Novel pluripotent stem cell lines for enriched grafting in Parkinson's disease.

Parkinson’s disease (PD) is the second most common neurodegenerative disease, affecting 1% of the population over 55 years of age and up to 4% of the population over 80 years of age (Blesa et al., 2012). This progressive and neurodegenerative condition results from an excessive loss of dopaminergic neurons (50–70%) of the substantia nigra pars compacta, leading to a significant decrease in dopamine (DA) levels in the striatum and consequently a functional deterioration of motor circuity (Blesa et al., 2012; Nielsen et al., 2016). The direct relationship between the loss of motor function and the degeneration of a single cell type makes PD an attractive prospect for cellular replacement therapy (Lindvall et al., 1990) and we are now on the verge of seeing the first clinical trials using human induced pluripotent stem cells (hiPSCs) as a source of transplantable dopamine neurons in clinical trials (Barker et al., 2017). The application of hiPSCs as a donor source for neural transplantation has progressed rapidly and may offer advantages over embryonic stem cells by avoiding ethical issues and potentially also complications related to immune response.

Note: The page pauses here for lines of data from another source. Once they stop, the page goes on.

(* Let $l$ be a prime and $(\mathcal{G}_n)_{n\in\mathbb{N}}$ a sequence of finite $l$-groups with $\mathcal{G}_n\le S_{l^n}$ and $\mathcal{G}_n\le\mathcal{G}_{n+1}$ for all $n$ (inside $S_\infty$, where $S_{l^n}$ is the subgroup fixing every integer $>l^n$). Let $\alpha\in\mathcal{G}_k$ be an element of order $l$ for some $k$, and $\mathcal{H}=\langle\alpha\rangle$. Let $d_n$ be the maximal order of a metacyclic subgroup of $\mathcal{G}_n$. Assume (1) $\lim_{n\to\infty}|\mathcal{G}_n|/d_n=\infty$, and (2) $\alpha$ has infinitely many conjugates in $\bigcup_{n}\mathcal{G}_n$. Then there is $N$ such that for every $n\ge N$ and every metacyclic subgroup $D\le\mathcal{G}_n$ one has $S(D,\mathcal{H})>1$, double cosets being taken in $\mathcal{G}_n$.
   Context: $S_\infty$ is the group of permutations of $\mathbb{N}$ fixing all but finitely many elements. A group is metacyclic if it has a cyclic normal subgroup with cyclic quotient. For subgroups $A,B$ of a finite group $\mathcal{G}$, a double coset $AxB$ ($x\in\mathcal{G}$) is split if $|AxB|=|A||B|$ (equivalently $x^{-1}Ax\cap B=1$), and $S(A,B)$ denotes the number of distinct split double cosets. *)

theory Defs
  imports "HOL-Algebra.Sym_Groups" "HOL-Algebra.Elementary_Groups" "HOL-Algebra.Multiplicative_Group" "HOL-Analysis.Analysis"
begin

definition metacyclic :: "('a, 'b) monoid_scheme \<Rightarrow> bool" where
  "metacyclic G \<longleftrightarrow> (\<exists>N. N \<lhd> G \<and> cyclic_group (G\<lparr>carrier := N\<rparr>) \<and> cyclic_group (G Mod N))"

definition double_coset :: "('a, 'b) monoid_scheme \<Rightarrow> 'a set \<Rightarrow> 'a \<Rightarrow> 'a set \<Rightarrow> 'a set" where
  "double_coset G A x B = {a \<otimes>\<^bsub>G\<^esub> x \<otimes>\<^bsub>G\<^esub> b | a b. a \<in> A \<and> b \<in> B}"

definition split_count :: "('a, 'b) monoid_scheme \<Rightarrow> 'a set \<Rightarrow> 'a set \<Rightarrow> nat" where
  "split_count G A B = card {double_coset G A x B | x. x \<in> carrier G \<and>
                              card (double_coset G A x B) = card A * card B}"

(* The finite symmetric group S_m inside S_infinity: permutations of {1..m}
   (the natural numbers are {1,2,...}; 0 is fixed and plays no role). *)
abbreviation Sym :: "nat \<Rightarrow> (nat \<Rightarrow> nat) monoid" where
  "Sym m \<equiv> sym_group m"

abbreviation grp :: "nat \<Rightarrow> (nat \<Rightarrow> nat) set \<Rightarrow> (nat \<Rightarrow> nat) monoid" where
  "grp m C \<equiv> (sym_group m)\<lparr>carrier := C\<rparr>"

end

theory Submission
  imports Defs "HOL-Algebra.Group_Action"
begin

(*
  Fix n, a metacyclic subgroup D of G_n and H = <alpha>.  A double
  coset D x H is split as soon as conjugation by x maps no nontrivial element of
  H into D; as alpha has prime order, this can only fail if x alpha x^-1 \<in> D.
  By orbit-stabilizer, the proportion of such "bad" x in G_n is at most
  |K_n \<inter> D| / |K_n|, where K_n is the conjugacy class of alpha in G_n.  All
  conjugates of alpha move at most s = |supp alpha| points, so they and their
  pairwise quotients have exponent dividing E = ((2s)!)!, and a metacyclic group
  contains at most E^2 such elements.  Hence |K_n \<inter> D| \<le> E^2, while |K_n| \<rightarrow> \<infinity>
  by hypothesis (2), and hypothesis (1) gives 2|D||H| \<le> |G_n| for large n.  Then
  the bad elements and one split double coset cannot exhaust G_n, which yields a
  second split double coset.
*)


section \<open>Conjugation and split double cosets in finite groups\<close>

definition conj_class :: "('a, 'b) monoid_scheme \<Rightarrow> 'a \<Rightarrow> 'a set" where
  "conj_class G a = {x \<otimes>\<^bsub>G\<^esub> a \<otimes>\<^bsub>G\<^esub> inv\<^bsub>G\<^esub> x | x. x \<in> carrier G}"

lemma (in group) inv_mult_cancel_left:
  "x \<in> carrier G \<Longrightarrow> y \<in> carrier G \<Longrightarrow> inv x \<otimes> (x \<otimes> y) = y"
  by (simp add: m_assoc[symmetric])

lemma (in group) conj_nat_pow:
  assumes x: "x \<in> carrier G" and h: "h \<in> carrier G"
  shows "(x \<otimes> h \<otimes> inv x) [^] (j::nat) = x \<otimes> h [^] j \<otimes> inv x"
proof (induction j)
  case 0
  then show ?case using assms by simp
next
  case (Suc j)
  have "(x \<otimes> h \<otimes> inv x) [^] Suc j = (x \<otimes> h [^] j \<otimes> inv x) \<otimes> (x \<otimes> h \<otimes> inv x)"
    using Suc by simp
  also have "\<dots> = x \<otimes> (h [^] j \<otimes> h) \<otimes> inv x"
    using assms by (simp add: m_assoc inv_mult_cancel_left)
  finally show ?case using assms by simp
qed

A parallel area of recent progress has been the refinement of genome-editing through CRISPR/Cas-9 technology. This presents opportunities for targetted editing of human iPSC lines including the introduction of fluorescent proteins driven by specific gene loci as reporters of gene expression. These tools are particularly attractive for neural transplantation studies and allow for applications such as pre-selection of specific pools of progenitor cells as a means to refine and standardize donor preparations or for unambiguous identification of grafted cells to characterize electrophysiological properties and subtype-specific patterns of connectivity in the host brain. Both approaches have been useful in transplantation experiments to isolate dopamine progenitors obtained in vitro and grafted successfully into animal models of Parkinson’s disease. Overall, new reporter lines represent promising tools for refinement of iPSC based neural transplantation for PD and potentially other neurodegenerative diseases.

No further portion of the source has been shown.